Seit Jahren zählen sie zum festen Bestand des Organisationsteams in Völkermarkt: die Motorrad-Kommissare aus Marburg. Die Slowenen kommen allesamt vom traditionellen „Moto Klub Stajerska Maribor“, ihr Chef Branko Rokavec fährt schon seit über 25 Jahren als Begleiter bei Radrennen mit. „Leider haben wir in Slowenien immer weniger Rennen“, bedauert er. Ihren Job haben die begeisterten Hobby-Biker wie immer zuverlässig und unauffällig erledigt. Weil die Motorräder der Begleiter bekanntlich immer schwerer (und stärker) werden: die sechs Slowenen waren in Völkermarkt zusammen mit fast tausend PS unterwegs!
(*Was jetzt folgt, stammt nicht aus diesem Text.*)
lemma exists_sym_root:
  assumes e: "\<bar>e\<bar> > 1"
  shows "\<forall>\<^sub>F n in sequentially. \<forall>\<sigma>. \<bar>\<sigma>\<bar> = 1 \<longrightarrow> (\<exists>t. \<bar>t - 1/e\<bar> < root_window e \<and> sym_factor n e \<sigma> t = 0)"
proof -
  define r where "r = window_bound e"
  define d where "d = root_window e / 2"
  have r: "0 \<le> r" "r < 1" using window_bound_less_1[OF e] unfolding r_def window_bound_def by auto
  have d: "0 < d" "d < root_window e" using root_window_pos[OF e] unfolding d_def by auto
  have "(\<lambda>n. (\<bar>e\<bar> + 1) * r ^ n) \<longlonglongrightarrow> (\<bar>e\<bar> + 1) * 0"
    using r by (intro tendsto_mult tendsto_const LIMSEQ_power_zero) simp
  moreover have "\<bar>e\<bar> * d > 0" using d e by simp
  ultimately have "\<forall>\<^sub>F n in sequentially. (\<bar>e\<bar> + 1) * r ^ n < \<bar>e\<bar> * d"
    by (intro order_tendstoD(2)) auto
  then show ?thesis
  proof eventually_elim
    case (elim n)
    show ?case
    proof (intro allI impI)
      fix \<sigma> :: real assume \<sigma>: "\<bar>\<sigma>\<bar> = 1"
      have "\<bar>\<sigma> * (e - t) * t ^ n\<bar> < \<bar>e\<bar> * d" if "\<bar>t - 1/e\<bar> = d" for t
      proof -
        have "\<bar>t\<bar> \<le> r" "\<bar>t\<bar> < 1" using abs_in_root_window[OF e, of t] that d unfolding r_def by auto
        then have "\<bar>\<sigma> * (e - t) * t ^ n\<bar> \<le> (\<bar>e\<bar> + 1) * r ^ n"
          using \<sigma> by (auto simp: abs_mult power_abs intro!: mult_mono power_mono)
        then show ?thesis using elim by simp
      qed
      then obtain t where "\<bar>t - 1/e\<bar> \<le> d" "sym_factor n e \<sigma> t = 0"
        using sym_factor_root_near_inverse[of e d] e d by force
      then show "\<exists>t. \<bar>t - 1/e\<bar> < root_window e \<and> sym_factor n e \<sigma> t = 0" using d by force
    qed
  qed
qed

lemma abs_power_diff_le:
  fixes a b r :: real
  assumes "\<bar>a\<bar> \<le> r" "\<bar>b\<bar> \<le> r"
  shows "\<bar>a ^ n - b ^ n\<bar> \<le> real n * r ^ (n - 1) * \<bar>a - b\<bar>"
proof (induction n)
  case (Suc n)
  have "\<bar>a ^ Suc n - b ^ Suc n\<bar> = \<bar>a * (a ^ n - b ^ n) + b ^ n * (a - b)\<bar>"
    by (simp add: algebra_simps)
  also have "\<dots> \<le> \<bar>a\<bar> * \<bar>a ^ n - b ^ n\<bar> + \<bar>b\<bar> ^ n * \<bar>a - b\<bar>"
    by (metis abs_mult abs_triangle_ineq power_abs)
  also have "\<dots> \<le> r * (real n * r ^ (n - 1) * \<bar>a - b\<bar>) + r ^ n * \<bar>a - b\<bar>"
    using assms by (intro add_mono mult_mono Suc.IH power_mono) auto
  also have "\<dots> = real (Suc n) * r ^ n * \<bar>a - b\<bar>"
    by (cases n) (auto simp: algebra_simps)
  finally show ?case by simp
qed simp

lemma unique_sym_root:
  assumes e: "\<bar>e\<bar> > 1"
  shows "\<forall>\<^sub>F n in sequentially. \<forall>\<sigma> t1 t2. \<bar>\<sigma>\<bar> = 1 \<and> \<bar>t1 - 1/e\<bar> \<le> root_window e \<and> \<bar>t2 - 1/e\<bar> \<le> root_window e
      \<and> sym_factor n e \<sigma> t1 = 0 \<and> sym_factor n e \<sigma> t2 = 0 \<longrightarrow> t1 = t2"
proof -
  define r where "r = window_bound e"
  have r: "0 < r" "r < 1"
    using window_bound_less_1[OF e] unfolding r_def window_bound_def by (auto intro: add_pos_nonneg)
  \<comment> \<open>Subtracting the equations for two roots gives \<open>\<bar>e\<bar> \<bar>t1 - t2\<bar> \<le> K n \<bar>t1 - t2\<bar>\<close>.\<close>
  define K where "K n = \<bar>e\<bar> * (real n * r ^ (n - 1)) + real (Suc n) * r ^ n" for n
  have "(\<lambda>n. real n * r ^ n) \<longlonglongrightarrow> 0" using powser_times_n_limit_0[of r] r by simp
  then have "(\<lambda>n. \<bar>e\<bar> * (real n * r ^ n / r) + (real n * r ^ n + r ^ n)) \<longlonglongrightarrow> \<bar>e\<bar> * (0 / r) + (0 + 0)"
    by (intro tendsto_intros LIMSEQ_power_zero) (use r in auto)
  moreover have "K = (\<lambda>n. \<bar>e\<bar> * (real n * r ^ n / r) + (real n * r ^ n + r ^ n))"
    using r unfolding K_def by (intro ext, case_tac n) (auto simp: field_simps)
  ultimately have "K \<longlonglongrightarrow> 0" by simp
  moreover have "0 < \<bar>e\<bar>" using e by simp
  ultimately have "\<forall>\<^sub>F n in sequentially. K n < \<bar>e\<bar>" by (rule order_tendstoD(2))
  then show ?thesis
  proof eventually_elim
    case (elim n)
    show ?case
    proof (intro allI impI, elim conjE)
      fix \<sigma> t1 t2 assume \<sigma>: "\<bar>\<sigma>\<bar> = 1" and w: "\<bar>t1 - 1/e\<bar> \<le> root_window e" "\<bar>t2 - 1/e\<bar> \<le> root_window e"
        and roots: "sym_factor n e \<sigma> t1 = 0" "sym_factor n e \<sigma> t2 = 0"
      have t: "\<bar>t1\<bar> \<le> r" "\<bar>t2\<bar> \<le> r" using abs_in_root_window[OF e] w unfolding r_def by auto
      have "e * (t1 - t2) = - \<sigma> * (e * (t1 ^ n - t2 ^ n) - (t1 ^ Suc n - t2 ^ Suc n))"
        using roots unfolding sym_factor_def by (simp add: algebra_simps)
      then have "\<bar>e\<bar> * \<bar>t1 - t2\<bar> = \<bar>e * (t1 ^ n - t2 ^ n) - (t1 ^ Suc n - t2 ^ Suc n)\<bar>"
        using \<sigma> by (metis abs_minus_cancel abs_mult mult_1)
      also have "\<dots> \<le> \<bar>e\<bar> * \<bar>t1 ^ n - t2 ^ n\<bar> + \<bar>t1 ^ Suc n - t2 ^ Suc n\<bar>"
        by (metis abs_mult abs_triangle_ineq4)
      also have "\<dots> \<le> \<bar>e\<bar> * (real n * r ^ (n - 1) * \<bar>t1 - t2\<bar>) + real (Suc n) * r ^ (Suc n - 1) * \<bar>t1 - t2\<bar>"
        by (intro add_mono mult_left_mono abs_power_diff_le t) auto
      also have "\<dots> = K n * \<bar>t1 - t2\<bar>" unfolding K_def by (simp add: algebra_simps)
      finally have le: "\<bar>e\<bar> * \<bar>t1 - t2\<bar> \<le> K n * \<bar>t1 - t2\<bar>" .
      show "t1 = t2"
      proof (rule ccontr)
        assume "t1 \<noteq> t2"
        then have "\<bar>e\<bar> \<le> K n" using le by simp
        then show False using elim by simp
      qed
    qed
  qed
qed

section \<open>Eigenvectors and their projections\<close>

lemma eigvec_at_sym_root:
  assumes n: "n \<ge> 2" and t: "0 < \<bar>t\<bar>" "\<bar>t\<bar> < 1" and root: "sym_factor n e \<sigma> t = 0"
    and ev: "is_eigvec n (T n e e) (t + 1/t) z"
  obtains c where "\<forall>i<n. z i = c * (t ^ i + \<sigma> * t ^ (n - 1 - i))"
proof -
  have "t\<^sup>2 \<noteq> 1" using t by (simp add: abs_square_less_1 less_imp_neq)
  have "z i = (z 0 * (t * (e - t) / (1 - t\<^sup>2))) * (t ^ i + \<sigma> * t ^ (n - 1 - i))" if "i < n" for i
  proof -
    have "z i = z 0 * ev_seq e (t + 1/t) i" using eigvec_eq_ev_seq(1)[OF n ev] that by blast
    then show ?thesis using ev_seq_at_sym_root[of t n e \<sigma> i] \<open>t\<^sup>2 \<noteq> 1\<close> t root that by simp
  qed
  then show ?thesis using that by blast
qed

lemma flip_sym_vector:
  assumes "\<forall>i<n. z i = c * (t ^ i + \<sigma> * t ^ (n - 1 - i))" "\<sigma> * \<sigma> = 1" "i < n"
  shows "flip n z i = \<sigma> * z i"
proof -
  have "flip n z i = c * (t ^ (n - 1 - i) + \<sigma> * t ^ i)"
    unfolding flip_def using assms(1,3) by (simp add: diff_diff_cancel)
  also have "\<dots> = \<sigma> * (c * (t ^ i + \<sigma> * t ^ (n - 1 - i)))" using assms(2) by (simp add: algebra_simps)
  finally show ?thesis using assms(1,3) by simp
qed

lemma proj_sq_dist_le:
  assumes "(\<Sum>i<n. u i * u i) > 0"
  shows "(\<Sum>i<n. (x i - proj n u x i)\<^sup>2) \<le> (\<Sum>i<n. (x i - a * u i)\<^sup>2)"
proof -
  define A where "A = (\<Sum>i<n. x i * u i)"
  define B where "B = (\<Sum>i<n. u i * u i)"
  define b where "b = A / B"
  have proj: "proj n u x i = b * u i" for i unfolding proj_def b_def A_def B_def by simp
  have expand: "(\<Sum>i<n. (x i - c * u i)\<^sup>2) = (\<Sum>i<n. x i * x i) - 2 * c * A + c\<^sup>2 * B" for c
    unfolding A_def B_def
    by (simp add: power2_eq_square algebra_simps sum.distrib sum_subtractf sum_distrib_left)
  have "b * B = A" unfolding b_def using assms B_def by simp
  then have "(\<Sum>i<n. (x i - a * u i)\<^sup>2) - (\<Sum>i<n. (x i - b * u i)\<^sup>2) = B * (a - b)\<^sup>2"
    unfolding expand by (simp add: power2_eq_square algebra_simps flip: \<open>b * B = A\<close>)
  moreover have "B * (a - b)\<^sup>2 \<ge> 0" using assms B_def by simp
  ultimately show ?thesis unfolding proj by linarith
qed

lemma sum_sq_power_diff_le:
  fixes r s t :: real
  assumes r: "r < 1" and t: "\<bar>t\<bar> \<le> r" and s: "\<bar>s\<bar> \<le> r"
  shows "(\<Sum>i<n. (t ^ i - s ^ i)\<^sup>2) \<le> 2 / (1 - r)\<^sup>2 * \<bar>t - s\<bar>"
proof -
  have r0: "0 \<le> r" using t by linarith
  have geom: "(\<Sum>i<m. r ^ i) \<le> 1 / (1 - r)" for m
  proof -
    have "(\<Sum>i<m. r ^ i) = (1 - r ^ m) / (1 - r)" using r by (simp add: sum_gp_strict)
    also have "\<dots> \<le> 1 / (1 - r)" using r r0 by (intro divide_right_mono) auto
    finally show ?thesis .
  qed
  have "(t ^ i - s ^ i)\<^sup>2 \<le> (\<bar>t - s\<bar> / (1 - r)) * (2 * r ^ i)" for i
  proof -
    have "real i * r ^ (i - 1) = (\<Sum>k<i. r ^ (i - 1))" by simp
    also have "\<dots> \<le> (\<Sum>k<i. r ^ k)" using r r0 by (intro sum_mono power_decreasing) auto
    finally have "real i * r ^ (i - 1) \<le> 1 / (1 - r)" using geom[of i] by linarith
    then have "\<bar>t ^ i - s ^ i\<bar> \<le> \<bar>t - s\<bar> / (1 - r)"
      using abs_power_diff_le[OF t s, of i] mult_right_mono[of _ _ "\<bar>t - s\<bar>"] by fastforce
    moreover have "\<bar>t ^ i - s ^ i\<bar> \<le> 2 * r ^ i"
      using abs_triangle_ineq4[of "t ^ i" "s ^ i"] power_mono[OF t, of i] power_mono[OF s, of i]
      by (simp add: power_abs)
    ultimately have "\<bar>t ^ i - s ^ i\<bar> * \<bar>t ^ i - s ^ i\<bar> \<le> (\<bar>t - s\<bar> / (1 - r)) * (2 * r ^ i)"
      by (intro mult_mono) auto
    then show ?thesis by (simp add: power2_eq_square)
  qed
  then have "(\<Sum>i<n. (t ^ i - s ^ i)\<^sup>2) \<le> (\<bar>t - s\<bar> / (1 - r)) * 2 * (\<Sum>i<n. r ^ i)"
    by (simp add: sum_mono sum_distrib_left mult.assoc)
  also have "\<dots> \<le> (\<bar>t - s\<bar> / (1 - r)) * 2 * (1 / (1 - r))"
    using r by (intro mult_left_mono geom) auto
  also have "\<dots> = 2 / (1 - r)\<^sup>2 * \<bar>t - s\<bar>" by (simp add: power2_eq_square)
  finally show ?thesis .
qed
Hans Enzi, der Vater der Völkermarkter Radsporttage, erinnert sich gerne an die Anfänge. „1985 hab ich das erste Diexer Bergrennen veranstaltet, da haben wir Harry Maier und Paul Popp als Stars verpflichtet, 10.000 Schilling war damals das Startgeld. Und zwei Jahre später hat Helmut Wechselberger als Sieger einen waschechten, quicklebendigen Hammel als Prämie bekommen.“ Aktuell versorgt Hans Enzi beim Straßenrennen seine dutzenden ehrenamtlichen Funktionäre und Helfer mit riesigen belegten Broten und Mineralwasser, stehen manche von ihnen doch vom frühen Vormittag bis in den späten Nachmittag hinein dem Rennsport zur Verfügung. Traurig, aber Realität: die Völkermarkter Radsporttage bilden die letzten verbliebenen Straßenrennen in Kärnten, dem WM-Bundesland von 1987.